In many ways, that’s why we exist: to give carriers a modern financial infrastructure that integrates into legacy systems, without the disruption or cost of a full rebuild. Doing nothing, however, is a risk. Carriers that can’t automate or move funds in real time will struggle with inefficiency and reduced profitability. Policyholders and claimants now expect immediacy; they want funds and resolutions today, not tomorrow. A modular, partnership-driven approach to upgrading allows carriers to move faster, serve customers better, and future-proof their operations.
PropertyCasualty360.com: What human roles are likely to be impacted by the ever-increasing use of AI? Will the positions be removed or upskilled?
Hess: AI will have the biggest impact on roles that are repetitive or rules-based, such as manual reconciliation, customer service, underwriting administration and claims triage. Those functions can be automated, allowing people to focus on higher-value, strategic work.
It won’t remove roles outright; it will change what those roles look like. Finance and operations teams, for example, will shift from executing tasks to analyzing insights and making informed decisions. The organizations that thrive will be those that see AI as an opportunity to upskill their people rather than replace them. The skill set will evolve too. Instead of just crunching data, people will need to interpret it and act on it. Even technical roles will require new levels of AI proficiency. The industry needs to invest in continuous learning so that employees can adapt and work effectively alongside new technology.
PropertyCasualty360.com: What key infrastructure upgrades are most vital in 2025 to accommodate AI?
Hess: Before insurers can truly take advantage of AI, they need to move beyond the highly manual, spreadsheet-driven environments that are still common today. The first step is getting the basics right — connecting systems and creating clean, reliable data flows.
The key priorities include modern APIs and integrations to connect policy, claims and payment data seamlessly.Centralized treasury and payment platforms to provide real-time visibility and faster transactions. Cloud-native data infrastructure to enable scalable analytics and forecasting. Security and compliance frameworks to make sure AI is used responsibly in a regulated environment.
Most insurers are still modernizing their back-end systems to enable these capabilities. Once they have it, AI can drive real gains in productivity and decision-making. The real opportunity lies in modernizing the back end, where much of the industry’s complexity and inefficiency still sits.
PropertyCasualty360.com: What will small business insurance carriers look like in 10 years?
Hess: In ten years, small business carriers will operate more like fintechs than traditional insurers. They’ll be lean, tech-driven, and built around embedded financial infrastructure that manages liquidity, risk, and customer experience in real time.

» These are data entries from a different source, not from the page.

text \<open>Both block maps are multiplicative because the last row and the first column of an
  upper unitriangular matrix are those of the identity.\<close>

lemma upper_left_block_mat_mult:
  assumes s: "1 \<le> s" and B: "B \<in> unitri_carrier s m"
  shows "upper_left_block s (mat_mult s m A B)
    = mat_mult (s-1) m (upper_left_block s A) (upper_left_block s B)"
proof (intro ext)
  fix i j
  have s_eq: "s - 1 + 1 = s" using s by simp
  show "upper_left_block s (mat_mult s m A B) i j
      = mat_mult (s-1) m (upper_left_block s A) (upper_left_block s B) i j"
  proof (cases "i \<in> {1..s} \<and> j \<in> {1..s}")
    case True
    have "B (s+1) j = 0" using unitri_carrierD(3)[OF B, of j "s+1"] True by simp
    hence "(\<Sum>k\<in>{1..s+1}. A i k * B k j) = (\<Sum>k\<in>{1..s}. A i k * B k j)"
      using s by (simp add: sum.cl_ivl_Suc)
    also have "\<dots> = (\<Sum>k\<in>{1..s}. upper_left_block s A i k * upper_left_block s B k j)"
      by (rule sum.cong) (use True in \<open>auto simp: upper_left_block_def\<close>)
    finally show ?thesis using True by (simp add: upper_left_block_def mat_mult_eq s_eq)
  next
    case False
    hence "\<not> (i \<in> {1..s-1+1} \<and> j \<in> {1..s-1+1})" using s_eq by simp
    with False show ?thesis
      by (cases "i \<le> s \<and> j \<le> s") (auto simp: upper_left_block_def mat_mult_def)
  qed
qed

lemma upper_left_block_hom:
  "1 \<le> s \<Longrightarrow> 2 \<le> m \<Longrightarrow> upper_left_block s \<in> hom (Unip s m) (Unip (s-1) m)"
  by (intro hom_UnipI upper_left_block_in_unitri_carrier upper_left_block_mat_mult)

lemma lower_right_block_in_unitri_carrier:
  assumes s: "1 \<le> s" and m: "2 \<le> m" and A: "A \<in> unitri_carrier s m"
  shows "lower_right_block s A \<in> unitri_carrier (s-1) m"
proof (rule unitri_carrierI)
  fix i j assume "lower_right_block s A i j \<noteq> 0"
  thus "i \<in> {1..s-1+1} \<and> j \<in> {1..s-1+1}"
    using s by (auto simp: lower_right_block_def split: if_splits)
next
  fix i assume "i \<in> {1..s-1+1}"
  thus "lower_right_block s A i i = 1 mod m"
    using unitri_carrierD(2)[OF A, of "i+1"] s by (auto simp: lower_right_block_def)
next
  fix i j :: nat assume "j < i"
  thus "lower_right_block s A i j = 0"
    using unitri_carrierD(3)[OF A, of "j+1" "i+1"] by (simp add: lower_right_block_def)
next
  fix i j show "0 \<le> lower_right_block s A i j" "lower_right_block s A i j < m"
    using unitri_carrierD(4,5)[OF A] m by (auto simp: lower_right_block_def)
qed

lemma lower_right_block_mat_mult:
  assumes s: "1 \<le> s" and A: "A \<in> unitri_carrier s m"
  shows "lower_right_block s (mat_mult s m A B)
    = mat_mult (s-1) m (lower_right_block s A) (lower_right_block s B)"
proof (intro ext)
  fix i j
  have s_eq: "s - 1 + 1 = s" using s by simp
  show "lower_right_block s (mat_mult s m A B) i j
      = mat_mult (s-1) m (lower_right_block s A) (lower_right_block s B) i j"
  proof (cases "i \<in> {1..s} \<and> j \<in> {1..s}")
    case True
    have "A (i+1) 1 = 0" using unitri_carrierD(3)[OF A, of 1 "i+1"] True by simp
    hence "(\<Sum>k\<in>{1..s+1}. A (i+1) k * B k (j+1)) = (\<Sum>k\<in>{Suc 1..Suc s}. A (i+1) k * B k (j+1))"
      by (subst sum.atLeast_Suc_atMost) simp_all
    also have "\<dots> = (\<Sum>k\<in>{1..s}. A (i+1) (k+1) * B (k+1) (j+1))"
      by (subst sum.shift_bounds_cl_Suc_ivl) simp
    also have "\<dots> = (\<Sum>k\<in>{1..s}. lower_right_block s A i k * lower_right_block s B k j)"
      by (rule sum.cong) (use True in \<open>auto simp: lower_right_block_def\<close>)
    finally show ?thesis using True by (simp add: lower_right_block_def mat_mult_eq s_eq)
  next
    case False
    hence "\<not> (i \<in> {1..s-1+1} \<and> j \<in> {1..s-1+1})" using s_eq by simp
    hence "mat_mult (s-1) m (lower_right_block s A) (lower_right_block s B) i j = 0"
      by (rule mat_mult_outside)
    moreover have "lower_right_block s (mat_mult s m A B) i j = 0"
      unfolding lower_right_block_def using False by (rule if_not_P)
    ultimately show ?thesis by simp
  qed
qed

lemma lower_right_block_hom:
  "1 \<le> s \<Longrightarrow> 2 \<le> m \<Longrightarrow> lower_right_block s \<in> hom (Unip s m) (Unip (s-1) m)"
  by (intro hom_UnipI lower_right_block_in_unitri_carrier lower_right_block_mat_mult)

lemma border_mat_in_unitri_carrier:
  assumes m: "2 \<le> m" and A: "A \<in> unitri_carrier s m"
  shows "border_mat s A \<in> unitri_carrier (s+1) m"
proof (rule unitri_carrierI)
  fix i j assume "border_mat s A i j \<noteq> 0"
  thus "i \<in> {1..s+1+1} \<and> j \<in> {1..s+1+1}"
    using unitri_carrierD(1)[OF A, of i j] by (auto simp: border_mat_def split: if_splits)
next
  fix i assume "i \<in> {1..s+1+1}"
  thus "border_mat s A i i = 1 mod m" using unitri_carrierD(2)[OF A, of i] m by (auto simp: border_mat_def)
next
  fix i j :: nat assume "j < i" thus "border_mat s A i j = 0" using unitri_carrierD(3)[OF A, of j i] by (simp add: border_mat_def)
next
  fix i j show "0 \<le> border_mat s A i j" "border_mat s A i j < m"
    using unitri_carrierD(4,5)[OF A] m by (auto simp: border_mat_def)
qed

lemma border_mat_mult:
  assumes m: "2 \<le> m"
  shows "border_mat s (mat_mult s m A B) = mat_mult (s+1) m (border_mat s A) (border_mat s B)"
proof (intro ext)
  fix i j
  show "border_mat s (mat_mult s m A B) i j = mat_mult (s+1) m (border_mat s A) (border_mat s B) i j"
  proof (cases "i \<in> {1..s+1+1} \<and> j \<in> {1..s+1+1}")
    case True
    have "mat_mult (s+1) m (border_mat s A) (border_mat s B) i j
        = ((\<Sum>k\<in>{1..s+1}. border_mat s A i k * border_mat s B k j)
            + border_mat s A i (s+2) * border_mat s B (s+2) j) mod m"
      using True by (simp add: mat_mult_eq sum.cl_ivl_Suc)
    moreover have "(\<Sum>k\<in>{1..s+1}. border_mat s A i k * border_mat s B k j)
        = (if i \<le> s+1 \<and> j \<le> s+1 then \<Sum>k\<in>{1..s+1}. A i k * B k j else 0)"
      by (cases "i \<le> s+1 \<and> j \<le> s+1") (auto simp: border_mat_def intro!: sum.cong sum.neutral)
    ultimately show ?thesis
      using True m by (auto simp: border_mat_def mat_mult_eq)
  next
    case False
    hence "mat_mult (s+1) m (border_mat s A) (border_mat s B) i j = 0" by (rule mat_mult_outside)
    moreover have "border_mat s (mat_mult s m A B) i j = 0"
      using False by (auto simp: border_mat_def mat_mult_def)
    ultimately show ?thesis by simp
  qed
qed

lemma border_mat_hom: "2 \<le> m \<Longrightarrow> border_mat s \<in> hom (Unip s m) (Unip (s+1) m)"
  by (intro hom_UnipI border_mat_in_unitri_carrier border_mat_mult)

lemma mat_mod_corner_multiples:
  assumes s: "1 \<le> s" and m: "2 \<le> m" and P: "2 \<le> P" and dv: "P dvd m"
    and C: "C \<in> corner_multiples s m P"
  shows "mat_mod P C = mat_one s P"
proof -
  obtain c where c: "C = corner_mat s m ((int c * P) mod m)"
    using C unfolding corner_multiples_def by blast
  have "(int c * P) mod m mod P = 0" using dv by (simp add: mod_mod_cancel)
  thus ?thesis using s m P c by (auto simp: mat_mod_def corner_mat_eq mat_one_eq intro!: ext)
qed

lemma upper_left_block_corner_mat:
  "1 \<le> s \<Longrightarrow> 2 \<le> m \<Longrightarrow> upper_left_block s (corner_mat s m v) = mat_one (s-1) m"
  by (auto simp: upper_left_block_def corner_mat_eq mat_one_eq intro!: ext)

lemma lower_right_block_corner_mat:
  "1 \<le> s \<Longrightarrow> 2 \<le> m \<Longrightarrow> lower_right_block s (corner_mat s m v) = mat_one (s-1) m"
  by (auto simp: lower_right_block_def corner_mat_eq mat_one_eq intro!: ext)

lemma block_maps_kill_corner_multiples:
  assumes "1 \<le> s" "2 \<le> m"
  shows "\<forall>C\<in>corner_multiples s m P. upper_left_block s C = \<one>\<^bsub>Unip (s-1) m\<^esub>"
    and "\<forall>C\<in>corner_multiples s m P. lower_right_block s C = \<one>\<^bsub>Unip (s-1) m\<^esub>"
  using upper_left_block_corner_mat[OF assms] lower_right_block_corner_mat[OF assms]
  by (auto simp: corner_multiples_def Unip_def)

Manual processes will disappear. Treasury and finance functions will be predictive instead of reactive, and liquidity management will happen instantly across borders and currencies.
I also expect more consolidation in the market. As efficiency and cost pressures grow, smaller carriers will need to specialize around niche risks to stay profitable. Those that remain too broad will likely be absorbed by larger players. Carriers will increasingly rely on partners to handle treasury, payments, and compliance so they can focus on underwriting and customer relationships. Over time, insurers will shift from being claims processors to becoming true risk partners, using data and analytics to help clients prevent losses before they happen.